3. Sei keiner dieser Lappen, die an der Seitenlinie stehen
Die einzigen Leute, die in der Lage sind, dir den Spaß im Moshpit zu verderben, sind die, die augenrollend am Rand stehen und sich zwischendurch zum passiv-aggressiven schubsen hinreißen lassen. Wenn dir das festliche Gemenge tatsächlich nicht gefällt, geh einfach und stell dich ein paar Meter weiter weg! Das gibt dir auch eine exzellente Ausrede, um dir noch ein paar Bier zu genehmigen. Wenn der erbitterte Schubser das aber nicht von sich aus machen sollte, schleich dich einfach aus dem Pit und von hinten an ihn heran und trage ihn mitten in den Pit. Hoffentlich wird das Schubsen dann aktiv-aggressiv, was mit Sicherheit den ganzen Pit zum Lächeln bringt.

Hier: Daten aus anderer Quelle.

lemma gterm_mult_le:
  fixes \<sigma> \<sigma>' C :: real
  defines "b \<equiv> gevrey_majorant C (\<sigma> / \<sigma>')"
  assumes "0 < \<sigma>" "\<sigma> < \<sigma>'" "k + l \<le> 4" "C \<ge> 0" "smooth01 f" "smooth01 u"
    and f_bound: "\<And>n x. x \<in> {0..1} \<Longrightarrow> \<bar>dn n f x\<bar> \<le> C / \<sigma>' ^ n * (fact n)\<^sup>2"
  shows "gterm \<sigma> k l (\<lambda>x. f x * u x) n
    \<le> suminf b * (\<Sum>j\<le>n. (gweight \<sigma> j * max 1 (real j) ^ (k + l) * sq_integral \<sigma> k (dn j u)) * b (n - j))"
proof -
  define A where "A = gweight \<sigma> n * real n ^ (k + l)"
  define W where "W j = gweight \<sigma> j * max 1 (real j) ^ (k + l)" for j
  have fu: "smooth01 (\<lambda>x. f x * u x)"
    using assms(6,7) by (rule smooth01_mult)
  have "((\<lambda>x. A * ((x / \<sigma>) ^ k * (dn n (\<lambda>x. f x * u x) x)\<^sup>2))
      has_integral A * sq_integral \<sigma> k (dn n (\<lambda>x. f x * u x))) {0..1}"
    using smooth01_continuous_on_dn [OF fu] assms(2) by (intro has_integral_mult_right has_integral_sq_integral)
  moreover have "((\<lambda>x. suminf b * (\<Sum>j\<le>n. b (n - j) * (W j * ((x / \<sigma>) ^ k * (dn j u x)\<^sup>2))))
      has_integral suminf b * (\<Sum>j\<le>n. b (n - j) * (W j * sq_integral \<sigma> k (dn j u)))) {0..1}"
    using smooth01_continuous_on_dn [OF assms(7)] assms(2)
    by (intro has_integral_mult_right has_integral_sum finite_atMost has_integral_sq_integral)
  moreover have "A * ((x / \<sigma>) ^ k * (dn n (\<lambda>x. f x * u x) x)\<^sup>2)
      \<le> suminf b * (\<Sum>j\<le>n. b (n - j) * (W j * ((x / \<sigma>) ^ k * (dn j u x)\<^sup>2)))" if "x \<in> {0..1}" for x
  proof -
    have "A * ((x / \<sigma>) ^ k * (dn n (\<lambda>x. f x * u x) x)\<^sup>2)
        = (x / \<sigma>) ^ k * (A * (dn n (\<lambda>x. f x * u x) x)\<^sup>2)"
      by (simp add: mult_ac)
    also have "\<dots> \<le> (x / \<sigma>) ^ k * (suminf b * (\<Sum>j\<le>n. b (n - j) * (W j * (dn j u x)\<^sup>2)))"
      unfolding A_def W_def b_def using that assms(2-7)
      by (intro mult_left_mono gweight_dn_mult_sq_le [OF _ _ _ _ _ _ _ f_bound]) auto
    also have "\<dots> = suminf b * (\<Sum>j\<le>n. b (n - j) * (W j * ((x / \<sigma>) ^ k * (dn j u x)\<^sup>2)))"
      by (simp add: sum_distrib_left mult_ac)
    finally show ?thesis .
  qed
  ultimately have "A * sq_integral \<sigma> k (dn n (\<lambda>x. f x * u x))
      \<le> suminf b * (\<Sum>j\<le>n. b (n - j) * (W j * sq_integral \<sigma> k (dn j u)))"
    by (rule has_integral_le)
  then show ?thesis
    unfolding gterm_eq A_def W_def by (simp add: mult_ac)
qed

lemma gseminorm_mult_le:
  fixes \<sigma> \<sigma>' C :: real
  assumes "0 < \<sigma>" "\<sigma> < \<sigma>'" "k + l \<le> 4" "C \<ge> 0" "smooth01 f" "inG \<sigma> k l u"
    and f_bound: "\<And>n x. x \<in> {0..1} \<Longrightarrow> \<bar>dn n f x\<bar> \<le> C / \<sigma>' ^ n * (fact n)\<^sup>2"
  shows "inG \<sigma> k l (\<lambda>x. f x * u x)"
    and "gseminorm \<sigma> k l (\<lambda>x. f x * u x)
      \<le> suminf (gevrey_majorant C (\<sigma> / \<sigma>')) * (gseminorm \<sigma> k l u + sqrt (sq_integral \<sigma> k u))"
proof -
  define b where "b = gevrey_majorant C (\<sigma> / \<sigma>')"
  define I where "I = sq_integral \<sigma> k u"
  define S where "S = suminf (gterm \<sigma> k l u)"
  define y where "y j = gweight \<sigma> j * max 1 (real j) ^ (k + l) * sq_integral \<sigma> k (dn j u)" for j
  have u: "smooth01 u" "summable (gterm \<sigma> k l u)"
    using assms(6) by (simp_all add: inG_def)
  have fu: "smooth01 (\<lambda>x. f x * u x)"
    using assms(5) u(1) by (rule smooth01_mult)
  have b: "summable b" "\<And>m. b m \<ge> 0"
    using assms(1,2,4) gevrey_majorant_pos [OF assms(4), of "\<sigma> / \<sigma>'"]
    by (auto simp: b_def intro!: summable_gevrey_majorant less_imp_le)
  have y_nonneg: "y j \<ge> 0" for j
    unfolding y_def using assms(1) by (intro mult_nonneg_nonneg gweight_nonneg sq_integral_nonneg) simp_all
  have B: "suminf b \<ge> 0" "S \<ge> 0" "I \<ge> 0"
    using b u(2) gterm_nonneg [OF assms(1)] sq_integral_nonneg [OF assms(1)]
    by (auto simp: S_def I_def intro: suminf_nonneg)
  have y_le: "y j \<le> gterm \<sigma> k l u j + (if j = 0 then I else 0)" for j
    using B(3) by (cases "j = 0") (simp_all add: y_def I_def gterm_eq gweight_def)
  have shifted: "summable (\<lambda>j. gterm \<sigma> k l u j + (if j = 0 then I else 0))"
      "(\<Sum>j. gterm \<sigma> k l u j + (if j = 0 then I else 0)) = S + I"
    unfolding S_def using u(2) sums_single [of 0 "\<lambda>_. I"]
    by (simp_all add: sums_iff summable_add suminf_add [symmetric])
  have y: "summable y"
    by (rule summable_comparison_test' [OF shifted(1)]) (use y_le y_nonneg in auto)
  then have y_le_sum: "suminf y \<le> S + I"
    using suminf_le [OF y_le _ shifted(1)] shifted(2) by simp
  have "gterm \<sigma> k l (\<lambda>x. f x * u x) n \<le> suminf b * (\<Sum>j\<le>n. y j * b (n - j))" for n
    unfolding b_def y_def by (rule gterm_mult_le [OF assms(1-5) u(1) f_bound])
  note gfu = summable_convolution_le [OF gterm_nonneg [OF assms(1)] this y_nonneg b(2) y b(1)]
  then show "inG \<sigma> k l (\<lambda>x. f x * u x)"
    using fu by (simp add: inG_def)
  have "gseminorm \<sigma> k l (\<lambda>x. f x * u x) \<le> sqrt ((suminf b)\<^sup>2 * (S + I))"
    unfolding gseminorm_def using gfu(2) y_le_sum B
    by (intro real_sqrt_le_mono order_trans [OF gfu(2)])
      (simp add: power2_eq_square mult_left_mono mult_right_mono mult_ac)
  also have "\<dots> \<le> suminf b * (sqrt S + sqrt I)"
    using B by (simp add: real_sqrt_mult sqrt_add_le_add_sqrt mult_left_mono)
  finally show "gseminorm \<sigma> k l (\<lambda>x. f x * u x)
      \<le> suminf (gevrey_majorant C (\<sigma> / \<sigma>')) * (gseminorm \<sigma> k l u + sqrt (sq_integral \<sigma> k u))"
    by (simp add: b_def S_def I_def gseminorm_def)
qed
(* Let $u_1>0$, $u_2>0$ with $U:=u_1+u_2<1$, let $0<q<1$, and let $n\in\mathbf N$. Let $(\Omega_n,p)$ be the probability space described in the context, and for $i_0,i_1,i_2\in\mathbf N_0$ with $i_0+i_1+i_2=n$ let $A(n;i_0,i_1,i_2)\subset\Omega_n$ be the set of sequences in which the symbols $0,1,2$ occur exactly $i_0,i_1,i_2$ times respectively. Then $$P\big(A(n;i_0,i_1,i_2)\big)=\sum_{\omega\in A(n;i_0,i_1,i_2)}p(\omega)=u_1^{i_1}u_2^{i_2}(U;q)_{i_0}\begin{bmatrix}n\\ i_0,i_1,i_2\end{bmatrix}_q .$$
   Context: For $j\in\mathbf N$, $(x;q)_j=(1-x)(1-qx)\cdots(1-q^{j-1}x)$, $(x;q)_0=1$, $(q)_j=(q;q)_j$, and for $i_0+i_1+i_2=n$ the $q$-polynomial coefficient is $\begin{bmatrix}n\\ i_0,i_1,i_2\end{bmatrix}_q=\frac{(q)_n}{(q)_{i_0}(q)_{i_1}(q)_{i_2}}$. The sample space $\Omega_n$ consists of all sequences $(\varepsilon_1,\dots,\varepsilon_n)$ with $\varepsilon_j\in\{0,1,2,\ast\}$ such that if $\varepsilon_k=\ast$ then $\varepsilon_l=\ast$ for all $l>k$. Put $p((\varepsilon_1,\dots,\varepsilon_n))=f_1\cdots f_n$ where $f_1=1-U,u_1,u_2,0$ according as $\varepsilon_1=0,1,2,\ast$; for $1\le m\le n-1$, if $\varepsilon_m=\ast$ then $f_{m+1}=1$, and if $\varepsilon_1,\dots,\varepsilon_m\in\{0,1,2\}$ contain $i_0$ zeros, $i_1$ ones and $i_2$ twos, then $f_{m+1}=1-q^{i_0}U$, $q^{i_0}u_1$, $q^{i_0+i_1}u_2$, $q^{i_0}u_2(1-q^{i_1})$ according as $\varepsilon_{m+1}=0,1,2,\ast$. *)

theory Defs
  imports Main "HOL-Library.FuncSet" Complex_Main
begin

text \<open>Symbols 0, 1, 2 and the absorbing symbol (written Star).\<close>
datatype sym = S0 | S1 | S2 | Star

definition qpoch :: "real \<Rightarrow> real \<Rightarrow> nat \<Rightarrow> real" where
  "qpoch x q j = (\<Prod>i<j. 1 - q ^ i * x)"

definition qfact :: "real \<Rightarrow> nat \<Rightarrow> real" where
  "qfact q j = qpoch q q j"

definition qmultinom :: "real \<Rightarrow> nat \<Rightarrow> nat \<Rightarrow> nat \<Rightarrow> real" where
  "qmultinom q i0 i1 i2 =
     qfact q (i0 + i1 + i2) / (qfact q i0 * qfact q i1 * qfact q i2)"

definition cnt :: "sym \<Rightarrow> sym list \<Rightarrow> nat" where
  "cnt s xs = length (filter (\<lambda>y. y = s) xs)"

definition Omega :: "nat \<Rightarrow> sym list set" where
  "Omega n = {xs. length xs = n \<and>
      (\<forall>k l. k < l \<and> l < n \<and> xs ! k = Star \<longrightarrow> xs ! l = Star)}"

definition fac :: "real \<Rightarrow> real \<Rightarrow> real \<Rightarrow> sym list \<Rightarrow> sym \<Rightarrow> real" where
  "fac u1 u2 q pre e =
     (if pre \<noteq> [] \<and> last pre = Star then 1
      else (let i0 = cnt S0 pre; i1 = cnt S1 pre; U = u1 + u2 in
        (case e of
           S0 \<Rightarrow> 1 - q ^ i0 * U
         | S1 \<Rightarrow> q ^ i0 * u1
         | S2 \<Rightarrow> q ^ (i0 + i1) * u2
         | Star \<Rightarrow> q ^ i0 * u2 * (1 - q ^ i1))))"

definition pr :: "real \<Rightarrow> real \<Rightarrow> real \<Rightarrow> sym list \<Rightarrow> real" where
  "pr u1 u2 q xs = (\<Prod>m<length xs. fac u1 u2 q (take m xs) (xs ! m))"

definition Aev :: "nat \<Rightarrow> nat \<Rightarrow> nat \<Rightarrow> nat \<Rightarrow> sym list set" where
  "Aev n i0 i1 i2 = {xs \<in> Omega n. cnt S0 xs = i0 \<and> cnt S1 xs = i1 \<and> cnt S2 xs = i2}"

end

theory Submission
  imports Defs
begin

text \<open>
  Since \<open>i0 + i1 + i2 = n\<close>, no sequence in \<open>A(n;i0,i1,i2)\<close> contains \<open>*\<close>, so the event
  is just the set of words over \<open>{0,1,2}\<close> with the given letter counts, and on such words
  the factor of the last letter depends only on the counts of the prefix.  Splitting the sum
  \<open>S(i0,i1,i2)\<close> according to the last letter therefore gives
  \<open>S(i0,i1,i2) = (1 - q^(i0-1) U) S(i0-1,i1,i2) + q^i0 u1 S(i0,i1-1,i2) + q^(i0+i1) u2 S(i0,i1,i2-1)\<close>.
  The closed form \<open>F\<close> satisfies the same recursion: after multiplication by \<open>1 - q^n\<close> the
  three terms become \<open>(1 - q^i0) F\<close>, \<open>q^i0 (1 - q^i1) F\<close> and \<open>q^(i0+i1) (1 - q^i2) F\<close>
  (also when an index is \<open>0\<close>), and these add up to \<open>(1 - q^n) F\<close>.
\<close>

lemma qpoch_Suc: "qpoch x q (Suc k) = qpoch x q k * (1 - q ^ k * x)"
  by (simp add: qpoch_def)

lemma qfact_Suc: "qfact q (Suc k) = qfact q k * (1 - q ^ Suc k)"
  by (simp add: qfact_def qpoch_def mult.commute)

lemma qmultinom_0_0_0 [simp]: "qmultinom q 0 0 0 = 1"
  by (simp add: qmultinom_def qfact_def qpoch_def)

lemma qmultinom_commute_12: "qmultinom q a b c = qmultinom q b a c"
  by (simp add: qmultinom_def ac_simps)

lemma qmultinom_commute_13: "qmultinom q a b c = qmultinom q c b a"
  by (simp add: qmultinom_def ac_simps)

text \<open>No condition on \<open>q\<close>: if \<open>q^(a+1) = 1\<close>, then \<open>(q)_(a+b+c+1)\<close> has a zero factor
  and both sides are \<open>0\<close> (the left one by division by zero).\<close>

lemma qmultinom_Suc_first:
  "qmultinom q (Suc a) b c * (1 - q ^ Suc a) = qmultinom q a b c * (1 - q ^ Suc (a + b + c))"
proof (cases "q ^ Suc a = 1")
  case True
  have "qfact q (Suc a + b + c) = 0"
    unfolding qfact_def qpoch_def using True
    by (intro prod_zero bexI[of _ a]) (auto simp: mult.commute)
  then show ?thesis using True by (simp add: qmultinom_def qfact_Suc)
next
  case False
  then show ?thesis
    by (simp add: qmultinom_def qfact_Suc)
qed

lemma qmultinom_Suc_second:
  "qmultinom q a (Suc b) c * (1 - q ^ Suc b) = qmultinom q a b c * (1 - q ^ Suc (a + b + c))"
  using qmultinom_Suc_first[of q b a c] by (simp add: qmultinom_commute_12[of q a] ac_simps)

lemma qmultinom_Suc_third:
  "qmultinom q a b (Suc c) * (1 - q ^ Suc c) = qmultinom q a b c * (1 - q ^ Suc (a + b + c))"
  using qmultinom_Suc_first[of q c b a] by (simp add: qmultinom_commute_13[of q a] ac_simps)

definition prob_A :: "real \<Rightarrow> real \<Rightarrow> real \<Rightarrow> nat \<Rightarrow> nat \<Rightarrow> nat \<Rightarrow> real" where
  "prob_A u1 u2 q i0 i1 i2 = u1 ^ i1 * u2 ^ i2 * qpoch (u1 + u2) q i0 * qmultinom q i0 i1 i2"

lemma prob_A_Suc_first:
  "(1 - q ^ a * (u1 + u2)) * prob_A u1 u2 q a b c * (1 - q ^ Suc (a + b + c))
     = (1 - q ^ Suc a) * prob_A u1 u2 q (Suc a) b c"
  using qmultinom_Suc_first[of q a b c] by (simp add: prob_A_def qpoch_Suc ac_simps)

lemma prob_A_Suc_second:
  "u1 * prob_A u1 u2 q a b c * (1 - q ^ Suc (a + b + c)) = (1 - q ^ Suc b) * prob_A u1 u2 q a (Suc b) c"
  using qmultinom_Suc_second[of q a b c] by (simp add: prob_A_def ac_simps)

lemma prob_A_Suc_third:
  "u2 * prob_A u1 u2 q a b c * (1 - q ^ Suc (a + b + c)) = (1 - q ^ Suc c) * prob_A u1 u2 q a b (Suc c)"
  using qmultinom_Suc_third[of q a b c] by (simp add: prob_A_def ac_simps)

lemma cnt_simps [simp]:
  "cnt s [] = 0"
  "cnt s (x # xs) = (if x = s then 1 else 0) + cnt s xs"
  "cnt s (xs @ ys) = cnt s xs + cnt s ys"
  by (simp_all add: cnt_def)

lemma length_eq_sum_cnt: "length xs = cnt S0 xs + cnt S1 xs + cnt S2 xs + cnt Star xs"
proof (induction xs)
  case (Cons x xs)
  then show ?case by (cases x) auto
qed simp

lemma cnt_eq_0_iff: "cnt s xs = 0 \<longleftrightarrow> s \<notin> set xs"
  by (induction xs) auto

definition words :: "nat \<Rightarrow> nat \<Rightarrow> nat \<Rightarrow> sym list set" where
  "words i0 i1 i2 = {w. Star \<notin> set w \<and> cnt S0 w = i0 \<and> cnt S1 w = i1 \<and> cnt S2 w = i2}"

lemma length_words: "w \<in> words i0 i1 i2 \<Longrightarrow> length w = i0 + i1 + i2"
  using length_eq_sum_cnt[of w] by (simp add: words_def cnt_eq_0_iff)

lemma finite_UNIV_sym: "finite (UNIV :: sym set)"
proof (rule finite_subset)
  show "UNIV \<subseteq> {S0, S1, S2, Star}"
  proof
    fix x :: sym
    show "x \<in> {S0, S1, S2, Star}" by (cases x) simp_all
  qed
qed simp

lemma finite_words: "finite (words i0 i1 i2)"
proof (rule finite_subset)
  show "words i0 i1 i2 \<subseteq> {w. set w \<subseteq> UNIV \<and> length w = i0 + i1 + i2}"
    using length_words by blast
  show "finite {w. set w \<subseteq> (UNIV :: sym set) \<and> length w = i0 + i1 + i2}"
    by (rule finite_lists_length_eq) (rule finite_UNIV_sym)
qed

lemma Aev_eq_words: "Aev (i0 + i1 + i2) i0 i1 i2 = words i0 i1 i2"
proof (intro set_eqI iffI)
  fix w assume w: "w \<in> Aev (i0 + i1 + i2) i0 i1 i2"
  then have "length w = i0 + i1 + i2"
    by (simp add: Aev_def Omega_def)
  with w have "cnt Star w = 0"
    using length_eq_sum_cnt[of w] by (simp add: Aev_def)
  with w show "w \<in> words i0 i1 i2"
    by (simp add: Aev_def words_def cnt_eq_0_iff)
next
  fix w assume w: "w \<in> words i0 i1 i2"
  have "w ! k \<noteq> Star" if "k < length w" for k
    using w nth_mem[OF that] by (auto simp: words_def)
  with w length_words[OF w] show "w \<in> Aev (i0 + i1 + i2) i0 i1 i2"
    by (simp add: Aev_def Omega_def words_def)
qed

lemma snoc_preimage_words [simp]:
  "{w. w @ [S0] \<in> words 0 i1 i2} = {}"
  "{w. w @ [S1] \<in> words i0 0 i2} = {}"
  "{w. w @ [S2] \<in> words i0 i1 0} = {}"
  "{w. w @ [S0] \<in> words (Suc i0) i1 i2} = words i0 i1 i2"
  "{w. w @ [S1] \<in> words i0 (Suc i1) i2} = words i0 i1 i2"
  "{w. w @ [S2] \<in> words i0 i1 (Suc i2)} = words i0 i1 i2"
  by (auto simp: words_def)

lemma sum_by_last:
  assumes "finite A" "[] \<notin> A" "finite E" "last ` A \<subseteq> E"
  shows "sum f A = (\<Sum>e\<in>E. \<Sum>w \<in> {w. w @ [e] \<in> A}. f (w @ [e]))"
proof -
  have "{x \<in> A. last x = e} = (\<lambda>w. w @ [e]) ` {w. w @ [e] \<in> A}" for e
  proof (intro set_eqI iffI)
    fix x assume x: "x \<in> {x \<in> A. last x = e}"
    with \<open>[] \<notin> A\<close> obtain v where "x = v @ [e]"
      by (cases x rule: rev_cases) auto
    with x show "x \<in> (\<lambda>w. w @ [e]) ` {w. w @ [e] \<in> A}"
      by auto
  qed auto
  then have "sum f {x \<in> A. last x = e} = (\<Sum>w \<in> {w. w @ [e] \<in> A}. f (w @ [e]))" for e
    by (simp add: sum.reindex inj_on_def)
  then show ?thesis
    using sum.group[OF assms(1,3,4), of f] by simp
qed

lemma sum_words_by_last:
  assumes "0 < i0 + i1 + i2"
  shows "(\<Sum>w\<in>words i0 i1 i2. f w) =
           (\<Sum>w \<in> {w. w @ [S0] \<in> words i0 i1 i2}. f (w @ [S0]))
         + (\<Sum>w \<in> {w. w @ [S1] \<in> words i0 i1 i2}. f (w @ [S1]))
         + (\<Sum>w \<in> {w. w @ [S2] \<in> words i0 i1 i2}. f (w @ [S2]))"
proof -
  have "[] \<notin> words i0 i1 i2"
    using assms length_words by fastforce
  moreover have "last ` words i0 i1 i2 \<subseteq> {S0, S1, S2}"
  proof
    fix e assume "e \<in> last ` words i0 i1 i2"
    then obtain w where "w \<in> words i0 i1 i2" "e = last w" by blast
    moreover from this have "w \<noteq> []"
      using \<open>[] \<notin> words i0 i1 i2\<close> by blast
    ultimately have "e \<in> set w" "Star \<notin> set w"
      by (simp_all add: words_def)
    then have "e \<noteq> Star" by blast
    then show "e \<in> {S0, S1, S2}" by (cases e) simp_all
  qed
  then show ?thesis
    using sum_by_last[OF finite_words \<open>[] \<notin> words i0 i1 i2\<close>, of "{S0, S1, S2}" f]
    by (simp add: add.assoc)
qed

lemma pr_Nil [simp]: "pr u1 u2 q [] = 1"
  by (simp add: pr_def)

lemma pr_snoc: "pr u1 u2 q (w @ [e]) = pr u1 u2 q w * fac u1 u2 q w e"
proof -
  have "(\<Prod>m<length w. fac u1 u2 q (take m (w @ [e])) ((w @ [e]) ! m)) = pr u1 u2 q w"
    unfolding pr_def by (intro prod.cong) (auto simp: nth_append)
  then show ?thesis
    by (simp add: pr_def nth_append)
qed

lemma fac_words:
  assumes "w \<in> words i0 i1 i2"
  shows "fac u1 u2 q w S0 = 1 - q ^ i0 * (u1 + u2)"
    and "fac u1 u2 q w S1 = q ^ i0 * u1"
    and "fac u1 u2 q w S2 = q ^ (i0 + i1) * u2"
proof -
  have "\<not> (w \<noteq> [] \<and> last w = Star)"
    using assms by (auto simp: words_def dest: last_in_set)
  with assms show "fac u1 u2 q w S0 = 1 - q ^ i0 * (u1 + u2)"
    and "fac u1 u2 q w S1 = q ^ i0 * u1"
    and "fac u1 u2 q w S2 = q ^ (i0 + i1) * u2"
    by (auto simp: fac_def words_def)
qed

lemma sum_pr_snoc_words:
  "(\<Sum>w\<in>words i0 i1 i2. pr u1 u2 q (w @ [S0]))
     = (1 - q ^ i0 * (u1 + u2)) * (\<Sum>w\<in>words i0 i1 i2. pr u1 u2 q w)"
  "(\<Sum>w\<in>words i0 i1 i2. pr u1 u2 q (w @ [S1]))
     = q ^ i0 * u1 * (\<Sum>w\<in>words i0 i1 i2. pr u1 u2 q w)"
  "(\<Sum>w\<in>words i0 i1 i2. pr u1 u2 q (w @ [S2]))
     = q ^ (i0 + i1) * u2 * (\<Sum>w\<in>words i0 i1 i2. pr u1 u2 q w)"
  by (simp_all add: sum_distrib_left pr_snoc fac_words mult.commute)

lemma sum_pr_words:
  fixes q :: real
  assumes "\<bar>q\<bar> \<noteq> 1"
  shows "(\<Sum>w\<in>words i0 i1 i2. pr u1 u2 q w) = prob_A u1 u2 q i0 i1 i2"
proof (induction "i0 + i1 + i2" arbitrary: i0 i1 i2)
  case 0
  have "w = []" if "w \<in> words i0 i1 i2" for w
    using length_words[OF that] 0 by simp
  moreover have "[] \<in> words i0 i1 i2"
    using 0 by (simp add: words_def)
  ultimately have "words i0 i1 i2 = {[]}"
    by blast
  with 0 show ?case
    by (simp add: prob_A_def qpoch_def)
next
  case (Suc m)
  let ?S = "\<lambda>a b c. \<Sum>w\<in>words a b c. pr u1 u2 q w"
  let ?T = "\<lambda>e. \<Sum>w \<in> {w. w @ [e] \<in> words i0 i1 i2}. pr u1 u2 q (w @ [e])"
  let ?F = "prob_A u1 u2 q i0 i1 i2"
  let ?d = "1 - q ^ Suc m"
  have last_S0: "?d * ?T S0 = (1 - q ^ i0) * ?F"
  proof (cases i0)
    case (Suc a)
    with Suc.hyps show ?thesis
      using prob_A_Suc_first[of q a u1 u2 i1 i2] by (simp add: sum_pr_snoc_words ac_simps)
  qed simp
  have last_S1: "?d * ?T S1 = q ^ i0 * (1 - q ^ i1) * ?F"
  proof (cases i1)
    case (Suc b)
    with Suc.hyps show ?thesis
      using prob_A_Suc_second[of u1 u2 q i0 b i2] by (simp add: sum_pr_snoc_words ac_simps)
  qed simp
  have last_S2: "?d * ?T S2 = q ^ (i0 + i1) * (1 - q ^ i2) * ?F"
  proof (cases i2)
    case (Suc c)
    with Suc.hyps show ?thesis
      using prob_A_Suc_third[of u2 u1 q i0 i1 c] by (simp add: sum_pr_snoc_words ac_simps)
  qed simp
  have "?S i0 i1 i2 = ?T S0 + ?T S1 + ?T S2"
    by (rule sum_words_by_last) (simp add: Suc.hyps(2)[symmetric])
  then have "?d * ?S i0 i1 i2 = ?d * ?T S0 + ?d * ?T S1 + ?d * ?T S2"
    by (simp only: distrib_left)
  also have "\<dots> = ((1 - q ^ i0) + q ^ i0 * (1 - q ^ i1) + q ^ (i0 + i1) * (1 - q ^ i2)) * ?F"
    unfolding last_S0 last_S1 last_S2 by (simp only: distrib_right)
  also have "\<dots> = ?d * ?F"
  proof -
    have "q ^ Suc m = q ^ i0 * q ^ i1 * q ^ i2"
      by (simp only: Suc.hyps(2) power_add)
    then show ?thesis
      by (simp add: algebra_simps power_add)
  qed
  finally have "?d * ?S i0 i1 i2 = ?d * ?F" .
  moreover have "?d \<noteq> 0"
    using assms power_eq_1_iff[of q "Suc m"] by auto
  ultimately show ?case
    by simp
qed

theorem theorem3p1:
  fixes u1 u2 q :: real and n i0 i1 i2 :: nat
  assumes "u1 > 0" and "u2 > 0" and "u1 + u2 < 1"
    and "0 < q" and "q < 1"
    and "n \<ge> 1"
    and "i0 + i1 + i2 = n"
  shows "(\<Sum>\<omega>\<in>Aev n i0 i1 i2. pr u1 u2 q \<omega>)
           = u1 ^ i1 * u2 ^ i2 * qpoch (u1 + u2) q i0 * qmultinom q i0 i1 i2"
proof -
  have "\<bar>q\<bar> \<noteq> 1"
    using \<open>0 < q\<close> \<open>q < 1\<close> by simp
  then show ?thesis
    unfolding \<open>i0 + i1 + i2 = n\<close>[symmetric] Aev_eq_words sum_pr_words[OF \<open>\<bar>q\<bar> \<noteq> 1\<close>]
    by (simp add: prob_A_def)
qed

end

4. Sei dir deiner Umgebung bewusst
Moshpits sind keine Spaß- und Spielorgien, bei denen alle das gleiche Kirchenlied singen. Manchmal kann das Ziehen und Schubsen ein bisschen düster werden. Das ist nicht per se schlecht, solange alle Beteiligten sich freiwillig ins Gefecht gestürzt haben (die einzige Ausnahme zu dieser Regel ist in Punkt 3 beschrieben). Also solltest du, bevor du einen neuen Pit startest, sicherstellen, dass die Leute um dich herum Lust auf ein bisschen Körperkontakt haben und dass das Musikgenre passt. Erinnerst du dich noch, als du deine Schrittkombination mit einem Bodycheck auf das nächste Level bringen wolltest, aber keiner mitmachen wollte? Das lag daran, dass die Leute um dich herum zu beschäftigt waren, Teer und Federn zu suchen. Um dich abzustrafen.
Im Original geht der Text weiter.